definition DBP_minimizer ::
  "(real^'n \<Rightarrow> real^'m \<Rightarrow> real) \<Rightarrow> (real^'n \<Rightarrow> real^'m \<Rightarrow> real) \<Rightarrow> (real^'n \<Rightarrow> real^'m \<Rightarrow> real^'p)
    \<Rightarrow> (real^'n \<Rightarrow> real^'q) \<Rightarrow> (real^'m) set \<Rightarrow> real \<Rightarrow> real
    \<Rightarrow> real^'n \<Rightarrow> real^'m \<Rightarrow> real^'p \<Rightarrow> bool" where
  "DBP_minimizer F f g G Y \<epsilon> \<mu> x y lam \<longleftrightarrow>
     DBP_feasible f g G Y \<epsilon> \<mu> x y lam \<and>
     (\<forall>x' y' lam'. DBP_feasible f g G Y \<epsilon> \<mu> x' y' lam' \<longrightarrow> F x y \<le> F x' y')"

end

theory Submission
  imports Defs
begin

text \<open>For fixed x in X the lower-level problem is a convex program with a Slater point, so
  there is no duality gap. Separating the convex set of attainable (constraint, objective)
  values from the open orthant below (0, v), v the lower-level value, yields a multiplier
  \<open>\<lambda> \<ge> 0\<close> with \<open>h\<^sub>0(\<lambda>, x) \<ge> v\<close>; conversely every \<open>\<lambda> \<ge> 0\<close> gives
  \<open>h\<^sub>0(\<lambda>, x) \<le> v\<close> because all lower-level feasible points lie in Y. Hence
  \<open>f(x, y) \<le> v + \<epsilon>\<close> holds iff \<open>f(x, y) - h\<^sub>0(\<lambda>, x) \<le> \<epsilon>\<close> for some \<open>\<lambda> \<ge> 0\<close>,
  so BLP(\<epsilon>) and DBP(\<epsilon>, 0) have the same feasible points (x, y) and the same minimizers.\<close>

lemma convex_strict_lower_orthant:
  "convex {(u :: real^'p, t :: real). (\<forall>i. u $ i < 0) \<and> t < v}"
proof -
  have "{(u :: real^'p, t :: real). (\<forall>i. u $ i < 0) \<and> t < v}
        = (\<Inter>i. {u. axis i 1 \<bullet> u < 0}) \<times> {..<v}"
    by (auto simp: inner_axis')
  then show ?thesis
    by (simp add: convex_Times convex_INT convex_halfspace_lt)
qed
(* Let $\mathcal C$ be a left autonomous monoidal category and $T$ a bimonad on $\mathcal C$. The following are equivalent: (i) $T$ has a left unary antipode; (ii) $T$ has a left binary antipode; (iii) $T$ is a left Hopf monad. (The analogous statement holds for right autonomous categories, right unary/binary antipodes and right Hopf monads.)
   Context: Monoidal categories are strict. A bimonad on $\mathcal C$ is a monad $(T,\mu,\eta)$ with comonoidal structure $T_2(X,Y)\colon T(X\otimes Y)\to TX\otimes TY$, $T_0\colon T\mathbb 1\to\mathbb 1$ such that $\mu,\eta$ are comonoidal. $T$ is a left Hopf monad if $H^l_{X,Y}=(TX\otimes\mu_Y)T_2(X,TY)\colon T(X\otimes TY)\to TX\otimes TY$ is invertible for all $X,Y$. Left autonomous: every $X$ has a left dual ${}^\vee X$ with $\mathrm{ev}_X\colon{}^\vee X\otimes X\to\mathbb 1$, $\mathrm{coev}_X\colon\mathbb 1\to X\otimes{}^\vee X$; ${}^\vee f$ denotes the dual morphism. Such a category is left closed with $[X,Y]^l=Y\otimes{}^\vee X$, evaluation $\mathrm{ev}^X_Y=Y\otimes\mathrm{ev}_X$, and coevaluation $\mathrm{coev}^X_Y=Y\otimes\mathrm{coev}_X$. A left unary antipode is a natural transformation $\mathfrak s^l_X\colon T({}^\vee TX)\to{}^\vee X$ with $T_0T(\mathrm{ev}_X)T({}^\vee\eta_X\otimes X)=\mathrm{ev}_{TX}(\mathfrak s^l_{TX}T({}^\vee\mu_X)\otimes TX)T_2({}^\vee TX,X)$ and $(\eta_X\otimes{}^\vee X)\mathrm{coev}_XT_0=(\mu_X\otimes\mathfrak s^l_X)T_2(TX,{}^\vee TX)T(\mathrm{coev}_{TX})$. A left binary antipode is a natural transformation $s^l_{X,Y}\colon T[TX,Y]^l\to[X,TY]^l$ with (1) $T\big(\mathrm{ev}^X_Y([\eta_X,Y]^l\otimes X)\big)=\mathrm{ev}^{TX}_{TY}\big(s^l_{TX,Y}T[\mu_X,Y]^l\otimes TX\big)T_2([TX,Y]^l,X)$; (2) $[X,TY\otimes\eta_X]^l\,\mathrm{coev}^X_{TY}=[X,(TY\otimes\mu_X)T_2(Y,TX)]^l\,s^l_{X,Y\otimes TX}\,T(\mathrm{coev}^{TX}_Y)$. *)

theory Defs
  imports Main
begin

text \<open>A (small-or-large, set-based) category with objects of type 'o and arrows of type 'm.
  cComp g f denotes the composite g o f (first f, then g).  cTen is the tensor on objects,
  cTenA the tensor on arrows, cUnit the unit object.  cDual X is the chosen left dual of X,
  with evaluation cEv X : cDual X (x) X -> 1 and coevaluation cCoev X : 1 -> X (x) cDual X.\<close>

record ('o, 'm) moncat =
  cObj  :: "'o set"
  cArr  :: "'m set"
  cDom  :: "'m \<Rightarrow> 'o"
  cCod  :: "'m \<Rightarrow> 'o"
  cComp :: "'m \<Rightarrow> 'm \<Rightarrow> 'm"
  cId   :: "'o \<Rightarrow> 'm"
  cTen  :: "'o \<Rightarrow> 'o \<Rightarrow> 'o"
  cTenA :: "'m \<Rightarrow> 'm \<Rightarrow> 'm"
  cUnit :: "'o"

record ('o, 'm) lacat = "('o, 'm) moncat" +
  cDual :: "'o \<Rightarrow> 'o"
  cEv   :: "'o \<Rightarrow> 'm"
  cCoev :: "'o \<Rightarrow> 'm"

definition hom :: "('o, 'm, 'z) moncat_scheme \<Rightarrow> 'm \<Rightarrow> 'o \<Rightarrow> 'o \<Rightarrow> bool" where
  "hom C f X Y \<longleftrightarrow> f \<in> cArr C \<and> cDom C f = X \<and> cCod C f = Y"

definition wl :: "('o, 'm, 'z) moncat_scheme \<Rightarrow> 'o \<Rightarrow> 'm \<Rightarrow> 'm" where
  "wl C X f = cTenA C (cId C X) f"

definition wr :: "('o, 'm, 'z) moncat_scheme \<Rightarrow> 'm \<Rightarrow> 'o \<Rightarrow> 'm" where
  "wr C f X = cTenA C f (cId C X)"

definition strict_monoidal_category :: "('o, 'm, 'z) moncat_scheme \<Rightarrow> bool" where
  "strict_monoidal_category C \<longleftrightarrow>
     (\<forall>f\<in>cArr C. cDom C f \<in> cObj C \<and> cCod C f \<in> cObj C) \<and>
     (\<forall>X\<in>cObj C. hom C (cId C X) X X) \<and>
     (\<forall>f\<in>cArr C. \<forall>g\<in>cArr C. cCod C f = cDom C g \<longrightarrow>
         hom C (cComp C g f) (cDom C f) (cCod C g)) \<and>
     (\<forall>f\<in>cArr C. cComp C (cId C (cCod C f)) f = f \<and> cComp C f (cId C (cDom C f)) = f) \<and>
     (\<forall>f\<in>cArr C. \<forall>g\<in>cArr C. \<forall>h\<in>cArr C. cCod C f = cDom C g \<longrightarrow> cCod C g = cDom C h \<longrightarrow>
         cComp C h (cComp C g f) = cComp C (cComp C h g) f) \<and>
     cUnit C \<in> cObj C \<and>
     (\<forall>X\<in>cObj C. \<forall>Y\<in>cObj C. cTen C X Y \<in> cObj C) \<and>
     (\<forall>f\<in>cArr C. \<forall>g\<in>cArr C.
         hom C (cTenA C f g) (cTen C (cDom C f) (cDom C g)) (cTen C (cCod C f) (cCod C g))) \<and>
     (\<forall>X\<in>cObj C. \<forall>Y\<in>cObj C. cTenA C (cId C X) (cId C Y) = cId C (cTen C X Y)) \<and>
     (\<forall>f\<in>cArr C. \<forall>g\<in>cArr C. \<forall>f'\<in>cArr C. \<forall>g'\<in>cArr C.
         cCod C f = cDom C g \<longrightarrow> cCod C f' = cDom C g' \<longrightarrow>
         cTenA C (cComp C g f) (cComp C g' f') = cComp C (cTenA C g g') (cTenA C f f')) \<and>
     (\<forall>X\<in>cObj C. \<forall>Y\<in>cObj C. \<forall>Z\<in>cObj C. cTen C (cTen C X Y) Z = cTen C X (cTen C Y Z)) \<and>
     (\<forall>f\<in>cArr C. \<forall>g\<in>cArr C. \<forall>h\<in>cArr C. cTenA C (cTenA C f g) h = cTenA C f (cTenA C g h)) \<and>
     (\<forall>X\<in>cObj C. cTen C (cUnit C) X = X \<and> cTen C X (cUnit C) = X) \<and>
     (\<forall>f\<in>cArr C. cTenA C (cId C (cUnit C)) f = f \<and> cTenA C f (cId C (cUnit C)) = f)"

definition left_autonomous :: "('o, 'm, 'z) lacat_scheme \<Rightarrow> bool" where
  "left_autonomous C \<longleftrightarrow> strict_monoidal_category C \<and>
     (\<forall>X\<in>cObj C. cDual C X \<in> cObj C \<and>
        hom C (cEv C X) (cTen C (cDual C X) X) (cUnit C) \<and>
        hom C (cCoev C X) (cUnit C) (cTen C X (cDual C X)) \<and>
        cComp C (wl C X (cEv C X)) (wr C (cCoev C X) X) = cId C X \<and>
        cComp C (wr C (cEv C X) (cDual C X)) (wl C (cDual C X) (cCoev C X)) = cId C (cDual C X))"

definition dualm :: "('o, 'm, 'z) lacat_scheme \<Rightarrow> 'm \<Rightarrow> 'm" where
  "dualm C f =
     cComp C (wr C (cEv C (cCod C f)) (cDual C (cDom C f)))
       (cComp C (cTenA C (cId C (cDual C (cCod C f))) (cTenA C f (cId C (cDual C (cDom C f)))))
          (wl C (cDual C (cCod C f)) (cCoev C (cDom C f))))"

definition ihom :: "('o, 'm, 'z) lacat_scheme \<Rightarrow> 'o \<Rightarrow> 'o \<Rightarrow> 'o" where
  "ihom C X Y = cTen C Y (cDual C X)"

definition ihomm :: "('o, 'm, 'z) lacat_scheme \<Rightarrow> 'm \<Rightarrow> 'm \<Rightarrow> 'm" where
  "ihomm C f g = cTenA C g (dualm C f)"

record ('o, 'm) bimonad_data =
  TO  :: "'o \<Rightarrow> 'o"
  TA  :: "'m \<Rightarrow> 'm"
  Mu  :: "'o \<Rightarrow> 'm"
  Eta :: "'o \<Rightarrow> 'm"
  T2  :: "'o \<Rightarrow> 'o \<Rightarrow> 'm"
  T0  :: "'m"

definition bimonad :: "('o, 'm, 'z) moncat_scheme \<Rightarrow> ('o, 'm) bimonad_data \<Rightarrow> bool" where
  "bimonad C T \<longleftrightarrow>
     \<comment> \<open>T is an endofunctor\<close>
     (\<forall>X\<in>cObj C. TO T X \<in> cObj C) \<and>
     (\<forall>f\<in>cArr C. hom C (TA T f) (TO T (cDom C f)) (TO T (cCod C f))) \<and>
     (\<forall>X\<in>cObj C. TA T (cId C X) = cId C (TO T X)) \<and>
     (\<forall>f\<in>cArr C. \<forall>g\<in>cArr C. cCod C f = cDom C g \<longrightarrow>
         TA T (cComp C g f) = cComp C (TA T g) (TA T f)) \<and>
     \<comment> \<open>typing of the structure maps\<close>
     (\<forall>X\<in>cObj C. hom C (Mu T X) (TO T (TO T X)) (TO T X)) \<and>
     (\<forall>X\<in>cObj C. hom C (Eta T X) X (TO T X)) \<and>
     (\<forall>X\<in>cObj C. \<forall>Y\<in>cObj C. hom C (T2 T X Y) (TO T (cTen C X Y)) (cTen C (TO T X) (TO T Y))) \<and>
     hom C (T0 T) (TO T (cUnit C)) (cUnit C) \<and>
     \<comment> \<open>naturality\<close>
     (\<forall>f\<in>cArr C. cComp C (TA T f) (Mu T (cDom C f)) = cComp C (Mu T (cCod C f)) (TA T (TA T f))) \<and>
     (\<forall>f\<in>cArr C. cComp C (TA T f) (Eta T (cDom C f)) = cComp C (Eta T (cCod C f)) f) \<and>
     (\<forall>f\<in>cArr C. \<forall>g\<in>cArr C.
         cComp C (cTenA C (TA T f) (TA T g)) (T2 T (cDom C f) (cDom C g)) =
         cComp C (T2 T (cCod C f) (cCod C g)) (TA T (cTenA C f g))) \<and>
     \<comment> \<open>monad laws\<close>
     (\<forall>X\<in>cObj C. cComp C (Mu T X) (TA T (Mu T X)) = cComp C (Mu T X) (Mu T (TO T X))) \<and>
     (\<forall>X\<in>cObj C. cComp C (Mu T X) (Eta T (TO T X)) = cId C (TO T X)) \<and>
     (\<forall>X\<in>cObj C. cComp C (Mu T X) (TA T (Eta T X)) = cId C (TO T X)) \<and>
     \<comment> \<open>comonoidal functor laws\<close>
     (\<forall>X\<in>cObj C. \<forall>Y\<in>cObj C. \<forall>Z\<in>cObj C.
         cComp C (wr C (T2 T X Y) (TO T Z)) (T2 T (cTen C X Y) Z) =
         cComp C (wl C (TO T X) (T2 T Y Z)) (T2 T X (cTen C Y Z))) \<and>
     (\<forall>X\<in>cObj C. cComp C (wr C (T0 T) (TO T X)) (T2 T (cUnit C) X) = cId C (TO T X)) \<and>
     (\<forall>X\<in>cObj C. cComp C (wl C (TO T X) (T0 T)) (T2 T X (cUnit C)) = cId C (TO T X)) \<and>
     \<comment> \<open>mu is comonoidal\<close>
     (\<forall>X\<in>cObj C. \<forall>Y\<in>cObj C.
         cComp C (T2 T X Y) (Mu T (cTen C X Y)) =
         cComp C (cTenA C (Mu T X) (Mu T Y)) (cComp C (T2 T (TO T X) (TO T Y)) (TA T (T2 T X Y)))) \<and>
     cComp C (T0 T) (Mu T (cUnit C)) = cComp C (T0 T) (TA T (T0 T)) \<and>
     \<comment> \<open>eta is comonoidal\<close>
     (\<forall>X\<in>cObj C. \<forall>Y\<in>cObj C.
         cComp C (T2 T X Y) (Eta T (cTen C X Y)) = cTenA C (Eta T X) (Eta T Y)) \<and>
     cComp C (T0 T) (Eta T (cUnit C)) = cId C (cUnit C)"

definition left_hopf :: "('o, 'm, 'z) moncat_scheme \<Rightarrow> ('o, 'm) bimonad_data \<Rightarrow> bool" where
  "left_hopf C T \<longleftrightarrow>
     (\<forall>X\<in>cObj C. \<forall>Y\<in>cObj C.
        \<exists>g. hom C g (cTen C (TO T X) (TO T Y)) (TO T (cTen C X (TO T Y))) \<and>
            cComp C g (cComp C (wl C (TO T X) (Mu T Y)) (T2 T X (TO T Y))) = cId C (TO T (cTen C X (TO T Y))) \<and>
            cComp C (cComp C (wl C (TO T X) (Mu T Y)) (T2 T X (TO T Y))) g = cId C (cTen C (TO T X) (TO T Y)))"

definition is_left_unary_antipode ::
  "('o, 'm, 'z) lacat_scheme \<Rightarrow> ('o, 'm) bimonad_data \<Rightarrow> ('o \<Rightarrow> 'm) \<Rightarrow> bool" where
  "is_left_unary_antipode C T s \<longleftrightarrow>
     (\<forall>X\<in>cObj C. hom C (s X) (TO T (cDual C (TO T X))) (cDual C X)) \<and>
     (\<forall>f\<in>cArr C. cComp C (dualm C f) (s (cCod C f)) = cComp C (s (cDom C f)) (TA T (dualm C (TA T f)))) \<and>
     (\<forall>X\<in>cObj C.
        cComp C (T0 T) (cComp C (TA T (cEv C X)) (TA T (wr C (dualm C (Eta T X)) X))) =
        cComp C (cEv C (TO T X))
          (cComp C (wr C (cComp C (s (TO T X)) (TA T (dualm C (Mu T X)))) (TO T X))
             (T2 T (cDual C (TO T X)) X))) \<and>
     (\<forall>X\<in>cObj C.
        cComp C (wr C (Eta T X) (cDual C X)) (cComp C (cCoev C X) (T0 T)) =
        cComp C (cTenA C (Mu T X) (s X))
          (cComp C (T2 T (TO T X) (cDual C (TO T X))) (TA T (cCoev C (TO T X)))))"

────────────────

**Task prompt:**
Only lines that hold the string "points" belong in the answer, so copy every one of them from the records.

**Result of the exercise:**
  \<open>h\<^sub>0(\<lambda>, x) \<le> v\<close> because all lower-level feasible points lie in Y. Hence
  so BLP(\<epsilon>) and DBP(\<epsilon>, 0) have the same feasible points (x, y) and the same minimizers.\<close>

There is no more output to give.